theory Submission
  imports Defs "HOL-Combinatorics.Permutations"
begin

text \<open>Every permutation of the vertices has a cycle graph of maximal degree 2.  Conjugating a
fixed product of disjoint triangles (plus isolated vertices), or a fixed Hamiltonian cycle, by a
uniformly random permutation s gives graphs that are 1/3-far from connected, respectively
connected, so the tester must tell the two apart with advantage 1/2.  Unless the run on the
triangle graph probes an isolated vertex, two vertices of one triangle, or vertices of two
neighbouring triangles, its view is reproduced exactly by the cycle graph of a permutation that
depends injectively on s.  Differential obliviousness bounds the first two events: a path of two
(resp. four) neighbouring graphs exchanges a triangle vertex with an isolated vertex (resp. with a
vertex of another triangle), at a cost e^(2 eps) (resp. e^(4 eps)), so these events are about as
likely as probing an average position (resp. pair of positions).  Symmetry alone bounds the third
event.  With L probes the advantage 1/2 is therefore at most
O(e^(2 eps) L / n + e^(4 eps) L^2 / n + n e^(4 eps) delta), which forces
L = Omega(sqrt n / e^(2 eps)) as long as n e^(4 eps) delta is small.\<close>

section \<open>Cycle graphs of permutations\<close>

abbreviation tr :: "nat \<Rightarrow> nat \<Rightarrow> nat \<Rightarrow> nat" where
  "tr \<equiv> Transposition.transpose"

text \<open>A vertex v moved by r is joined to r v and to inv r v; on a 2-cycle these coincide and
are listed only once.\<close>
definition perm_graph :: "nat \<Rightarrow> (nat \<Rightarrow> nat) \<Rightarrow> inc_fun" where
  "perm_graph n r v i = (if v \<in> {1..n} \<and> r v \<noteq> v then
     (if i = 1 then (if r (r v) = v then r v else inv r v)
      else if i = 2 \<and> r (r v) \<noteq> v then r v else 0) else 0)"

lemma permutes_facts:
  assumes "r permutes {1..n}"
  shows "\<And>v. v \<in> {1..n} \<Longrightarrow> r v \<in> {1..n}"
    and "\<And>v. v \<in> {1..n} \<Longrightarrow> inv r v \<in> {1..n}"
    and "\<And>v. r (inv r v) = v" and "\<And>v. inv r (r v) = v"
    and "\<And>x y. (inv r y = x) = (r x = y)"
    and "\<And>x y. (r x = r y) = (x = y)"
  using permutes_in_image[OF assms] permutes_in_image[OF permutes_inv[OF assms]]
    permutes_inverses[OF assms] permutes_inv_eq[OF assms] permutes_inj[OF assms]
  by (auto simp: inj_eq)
========================================================================
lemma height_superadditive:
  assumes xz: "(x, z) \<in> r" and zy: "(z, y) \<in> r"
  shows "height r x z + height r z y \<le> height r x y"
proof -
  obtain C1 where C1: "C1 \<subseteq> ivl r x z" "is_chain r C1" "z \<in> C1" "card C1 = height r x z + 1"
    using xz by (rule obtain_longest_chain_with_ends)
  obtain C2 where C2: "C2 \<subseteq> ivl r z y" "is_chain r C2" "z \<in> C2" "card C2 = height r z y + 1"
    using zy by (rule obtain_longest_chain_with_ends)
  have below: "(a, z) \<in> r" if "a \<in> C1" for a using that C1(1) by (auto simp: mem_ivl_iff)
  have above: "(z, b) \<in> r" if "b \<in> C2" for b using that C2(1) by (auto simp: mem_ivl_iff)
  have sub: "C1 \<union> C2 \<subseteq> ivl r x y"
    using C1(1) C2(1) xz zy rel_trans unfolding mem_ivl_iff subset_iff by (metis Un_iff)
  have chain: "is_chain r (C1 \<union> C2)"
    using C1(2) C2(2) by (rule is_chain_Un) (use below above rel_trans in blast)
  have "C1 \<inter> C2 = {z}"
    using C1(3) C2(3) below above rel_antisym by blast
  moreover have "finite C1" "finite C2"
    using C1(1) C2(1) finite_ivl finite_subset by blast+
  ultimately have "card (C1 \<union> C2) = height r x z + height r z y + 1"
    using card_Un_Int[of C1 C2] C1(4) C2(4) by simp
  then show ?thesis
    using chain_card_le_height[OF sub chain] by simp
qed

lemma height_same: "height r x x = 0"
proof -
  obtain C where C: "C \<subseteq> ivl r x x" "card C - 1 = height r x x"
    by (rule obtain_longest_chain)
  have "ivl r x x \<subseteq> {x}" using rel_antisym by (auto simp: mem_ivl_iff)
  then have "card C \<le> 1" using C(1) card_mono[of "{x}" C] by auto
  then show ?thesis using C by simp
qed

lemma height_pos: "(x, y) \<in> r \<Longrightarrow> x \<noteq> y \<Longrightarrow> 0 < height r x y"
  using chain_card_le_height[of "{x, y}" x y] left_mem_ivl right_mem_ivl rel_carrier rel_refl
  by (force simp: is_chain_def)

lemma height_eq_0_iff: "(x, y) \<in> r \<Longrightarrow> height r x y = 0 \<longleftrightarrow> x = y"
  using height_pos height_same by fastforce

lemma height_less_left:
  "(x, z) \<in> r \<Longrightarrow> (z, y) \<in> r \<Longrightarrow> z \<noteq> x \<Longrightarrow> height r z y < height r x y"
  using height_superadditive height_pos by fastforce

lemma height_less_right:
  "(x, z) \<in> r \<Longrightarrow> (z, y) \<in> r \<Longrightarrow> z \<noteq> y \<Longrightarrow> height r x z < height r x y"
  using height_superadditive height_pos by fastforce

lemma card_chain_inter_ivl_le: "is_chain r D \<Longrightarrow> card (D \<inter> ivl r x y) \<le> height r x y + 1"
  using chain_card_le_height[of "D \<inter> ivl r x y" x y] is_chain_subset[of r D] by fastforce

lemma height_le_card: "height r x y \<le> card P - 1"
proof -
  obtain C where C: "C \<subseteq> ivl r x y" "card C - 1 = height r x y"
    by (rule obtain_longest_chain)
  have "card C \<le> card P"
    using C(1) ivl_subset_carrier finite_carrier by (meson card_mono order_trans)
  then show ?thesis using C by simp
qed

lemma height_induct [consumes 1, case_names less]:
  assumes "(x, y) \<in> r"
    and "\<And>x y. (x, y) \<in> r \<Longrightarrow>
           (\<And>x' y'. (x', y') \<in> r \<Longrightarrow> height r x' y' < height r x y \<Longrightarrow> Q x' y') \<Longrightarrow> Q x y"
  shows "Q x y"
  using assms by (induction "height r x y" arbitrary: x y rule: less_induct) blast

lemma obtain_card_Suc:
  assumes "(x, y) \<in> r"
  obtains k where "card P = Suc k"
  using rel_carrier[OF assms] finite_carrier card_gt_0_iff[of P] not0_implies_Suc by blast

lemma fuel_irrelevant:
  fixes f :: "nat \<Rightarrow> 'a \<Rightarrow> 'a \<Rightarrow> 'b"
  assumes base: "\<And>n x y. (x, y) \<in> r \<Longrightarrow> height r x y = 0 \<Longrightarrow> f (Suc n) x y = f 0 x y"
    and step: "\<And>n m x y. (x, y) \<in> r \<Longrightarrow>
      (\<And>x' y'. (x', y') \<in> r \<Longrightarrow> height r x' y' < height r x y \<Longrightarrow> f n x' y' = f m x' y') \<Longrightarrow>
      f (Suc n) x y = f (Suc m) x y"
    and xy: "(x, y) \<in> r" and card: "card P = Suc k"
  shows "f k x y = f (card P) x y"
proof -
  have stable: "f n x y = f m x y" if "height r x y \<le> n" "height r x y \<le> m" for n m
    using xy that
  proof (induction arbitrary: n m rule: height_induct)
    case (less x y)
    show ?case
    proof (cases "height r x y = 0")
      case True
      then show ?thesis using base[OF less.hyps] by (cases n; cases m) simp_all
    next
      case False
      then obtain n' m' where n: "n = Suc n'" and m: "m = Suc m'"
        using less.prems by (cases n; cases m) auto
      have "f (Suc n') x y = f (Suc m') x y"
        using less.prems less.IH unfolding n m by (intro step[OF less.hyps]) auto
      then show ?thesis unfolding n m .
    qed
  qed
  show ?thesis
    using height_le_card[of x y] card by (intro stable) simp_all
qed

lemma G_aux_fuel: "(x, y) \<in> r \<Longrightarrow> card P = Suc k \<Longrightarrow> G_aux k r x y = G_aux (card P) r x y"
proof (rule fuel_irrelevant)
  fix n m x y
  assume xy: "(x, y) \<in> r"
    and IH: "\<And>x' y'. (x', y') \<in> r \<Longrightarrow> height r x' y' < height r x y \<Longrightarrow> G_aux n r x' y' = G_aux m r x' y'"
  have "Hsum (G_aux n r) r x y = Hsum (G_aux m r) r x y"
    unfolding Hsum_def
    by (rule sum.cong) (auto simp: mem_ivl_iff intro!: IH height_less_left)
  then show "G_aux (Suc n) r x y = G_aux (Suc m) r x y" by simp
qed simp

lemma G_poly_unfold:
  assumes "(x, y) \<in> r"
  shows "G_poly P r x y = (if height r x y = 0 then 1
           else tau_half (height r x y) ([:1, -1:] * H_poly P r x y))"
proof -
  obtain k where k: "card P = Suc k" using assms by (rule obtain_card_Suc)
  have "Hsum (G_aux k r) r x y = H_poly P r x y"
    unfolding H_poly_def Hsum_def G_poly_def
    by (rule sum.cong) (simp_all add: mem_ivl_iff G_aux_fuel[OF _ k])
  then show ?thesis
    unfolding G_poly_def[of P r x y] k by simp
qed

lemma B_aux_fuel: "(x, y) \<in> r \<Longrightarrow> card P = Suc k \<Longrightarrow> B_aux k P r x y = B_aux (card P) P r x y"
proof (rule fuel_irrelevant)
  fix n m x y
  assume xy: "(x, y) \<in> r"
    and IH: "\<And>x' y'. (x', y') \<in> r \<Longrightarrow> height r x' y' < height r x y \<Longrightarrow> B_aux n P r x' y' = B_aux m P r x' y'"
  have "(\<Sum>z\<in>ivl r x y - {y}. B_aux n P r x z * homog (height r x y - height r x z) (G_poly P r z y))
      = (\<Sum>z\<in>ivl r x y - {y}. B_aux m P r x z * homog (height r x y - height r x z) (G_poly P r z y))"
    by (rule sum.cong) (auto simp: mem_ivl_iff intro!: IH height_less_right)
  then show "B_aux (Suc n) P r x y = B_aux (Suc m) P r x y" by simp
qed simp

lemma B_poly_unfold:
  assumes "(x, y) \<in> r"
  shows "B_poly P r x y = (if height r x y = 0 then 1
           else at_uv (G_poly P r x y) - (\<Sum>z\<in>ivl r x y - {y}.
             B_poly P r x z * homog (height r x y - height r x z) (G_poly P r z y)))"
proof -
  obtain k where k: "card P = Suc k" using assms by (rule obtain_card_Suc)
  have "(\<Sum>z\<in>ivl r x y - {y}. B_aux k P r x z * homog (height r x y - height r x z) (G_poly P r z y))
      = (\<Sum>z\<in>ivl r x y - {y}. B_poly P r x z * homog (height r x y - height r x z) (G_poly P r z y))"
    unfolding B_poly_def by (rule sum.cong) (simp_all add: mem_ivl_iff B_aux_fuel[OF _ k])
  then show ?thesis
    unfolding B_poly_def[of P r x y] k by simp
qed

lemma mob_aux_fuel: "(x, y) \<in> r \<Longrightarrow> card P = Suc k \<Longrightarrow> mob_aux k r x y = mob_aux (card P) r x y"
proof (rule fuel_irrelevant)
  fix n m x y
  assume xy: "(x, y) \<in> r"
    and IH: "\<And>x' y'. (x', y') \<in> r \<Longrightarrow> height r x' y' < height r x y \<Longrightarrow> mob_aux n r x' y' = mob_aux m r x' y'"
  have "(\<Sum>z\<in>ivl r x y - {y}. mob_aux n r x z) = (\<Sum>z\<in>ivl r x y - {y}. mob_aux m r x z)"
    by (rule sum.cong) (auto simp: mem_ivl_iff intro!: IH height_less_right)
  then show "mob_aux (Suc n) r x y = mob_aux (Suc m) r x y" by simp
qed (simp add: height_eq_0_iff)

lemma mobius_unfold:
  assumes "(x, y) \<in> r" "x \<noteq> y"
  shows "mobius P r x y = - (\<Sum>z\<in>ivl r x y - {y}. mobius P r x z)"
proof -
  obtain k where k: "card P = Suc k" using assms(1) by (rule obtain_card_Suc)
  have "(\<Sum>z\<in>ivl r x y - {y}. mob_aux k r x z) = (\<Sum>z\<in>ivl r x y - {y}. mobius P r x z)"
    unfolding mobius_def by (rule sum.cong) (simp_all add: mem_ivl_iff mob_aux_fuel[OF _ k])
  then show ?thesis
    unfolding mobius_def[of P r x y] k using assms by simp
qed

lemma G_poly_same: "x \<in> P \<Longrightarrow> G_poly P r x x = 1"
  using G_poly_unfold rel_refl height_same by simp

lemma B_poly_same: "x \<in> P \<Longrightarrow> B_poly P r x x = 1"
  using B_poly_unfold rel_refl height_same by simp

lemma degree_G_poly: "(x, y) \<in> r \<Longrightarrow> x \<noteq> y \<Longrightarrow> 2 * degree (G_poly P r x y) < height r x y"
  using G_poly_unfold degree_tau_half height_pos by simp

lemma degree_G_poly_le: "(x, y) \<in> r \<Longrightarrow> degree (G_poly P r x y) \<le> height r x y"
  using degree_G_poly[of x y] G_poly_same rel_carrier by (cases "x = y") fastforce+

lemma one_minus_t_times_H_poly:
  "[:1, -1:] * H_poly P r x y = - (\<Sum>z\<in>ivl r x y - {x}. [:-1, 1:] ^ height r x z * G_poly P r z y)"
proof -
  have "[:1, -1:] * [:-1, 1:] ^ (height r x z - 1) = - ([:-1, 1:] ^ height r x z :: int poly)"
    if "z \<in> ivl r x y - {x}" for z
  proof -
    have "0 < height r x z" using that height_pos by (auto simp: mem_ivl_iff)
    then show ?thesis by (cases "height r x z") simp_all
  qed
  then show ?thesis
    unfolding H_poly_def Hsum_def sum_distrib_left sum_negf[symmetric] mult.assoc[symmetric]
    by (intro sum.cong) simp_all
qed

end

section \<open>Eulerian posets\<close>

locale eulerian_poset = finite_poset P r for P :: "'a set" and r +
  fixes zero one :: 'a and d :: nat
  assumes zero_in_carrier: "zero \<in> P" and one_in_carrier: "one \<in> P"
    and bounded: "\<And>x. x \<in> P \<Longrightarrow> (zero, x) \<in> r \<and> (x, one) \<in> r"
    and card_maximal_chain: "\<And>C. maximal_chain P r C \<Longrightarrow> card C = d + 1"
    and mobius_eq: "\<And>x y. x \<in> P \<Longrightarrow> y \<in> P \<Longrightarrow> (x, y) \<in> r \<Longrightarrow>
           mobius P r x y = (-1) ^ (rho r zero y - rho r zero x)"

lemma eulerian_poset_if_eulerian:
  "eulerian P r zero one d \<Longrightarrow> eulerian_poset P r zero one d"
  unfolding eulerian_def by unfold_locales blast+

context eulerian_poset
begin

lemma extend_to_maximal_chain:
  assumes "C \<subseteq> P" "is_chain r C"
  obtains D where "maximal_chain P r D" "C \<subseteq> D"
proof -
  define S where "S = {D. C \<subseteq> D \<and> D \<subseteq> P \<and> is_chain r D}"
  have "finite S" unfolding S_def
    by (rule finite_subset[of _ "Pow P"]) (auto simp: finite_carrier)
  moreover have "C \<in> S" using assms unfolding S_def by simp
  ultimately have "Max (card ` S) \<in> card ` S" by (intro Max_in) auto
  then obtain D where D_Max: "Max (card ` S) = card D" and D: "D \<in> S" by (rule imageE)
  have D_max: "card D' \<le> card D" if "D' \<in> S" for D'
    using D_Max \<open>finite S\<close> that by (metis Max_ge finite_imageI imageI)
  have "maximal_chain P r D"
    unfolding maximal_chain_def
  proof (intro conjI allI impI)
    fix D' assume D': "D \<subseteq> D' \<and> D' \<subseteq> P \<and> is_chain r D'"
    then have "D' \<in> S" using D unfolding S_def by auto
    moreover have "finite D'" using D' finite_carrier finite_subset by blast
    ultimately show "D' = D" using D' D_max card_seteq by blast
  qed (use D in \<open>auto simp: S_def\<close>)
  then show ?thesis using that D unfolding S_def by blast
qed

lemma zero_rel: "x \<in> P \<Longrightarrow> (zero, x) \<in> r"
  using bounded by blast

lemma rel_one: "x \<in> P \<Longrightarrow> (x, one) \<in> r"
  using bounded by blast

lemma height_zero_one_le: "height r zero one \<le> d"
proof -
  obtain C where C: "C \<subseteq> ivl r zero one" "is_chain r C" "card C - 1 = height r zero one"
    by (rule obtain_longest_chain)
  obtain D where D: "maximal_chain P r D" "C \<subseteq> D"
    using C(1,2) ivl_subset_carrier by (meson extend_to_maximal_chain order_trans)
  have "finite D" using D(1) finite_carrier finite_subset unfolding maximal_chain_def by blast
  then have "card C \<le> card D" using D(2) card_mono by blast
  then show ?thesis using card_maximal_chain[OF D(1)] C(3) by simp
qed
========================================================================
Task >>
In the listing above, locate the line containing "D' \<le> card" and the line containing "qed (use D in". Transcribe those two lines and everything between them, exactly as written.

Task output >>
  have D_max: "card D' \<le> card D" if "D' \<in> S" for D'
    using D_Max \<open>finite S\<close> that by (metis Max_ge finite_imageI imageI)
  have "maximal_chain P r D"
    unfolding maximal_chain_def
  proof (intro conjI allI impI)
    fix D' assume D': "D \<subseteq> D' \<and> D' \<subseteq> P \<and> is_chain r D'"
    then have "D' \<in> S" using D unfolding S_def by auto
    moreover have "finite D'" using D' finite_carrier finite_subset by blast
    ultimately show "D' = D" using D' D_max card_seteq by blast
  qed (use D in \<open>auto simp: S_def\<close>)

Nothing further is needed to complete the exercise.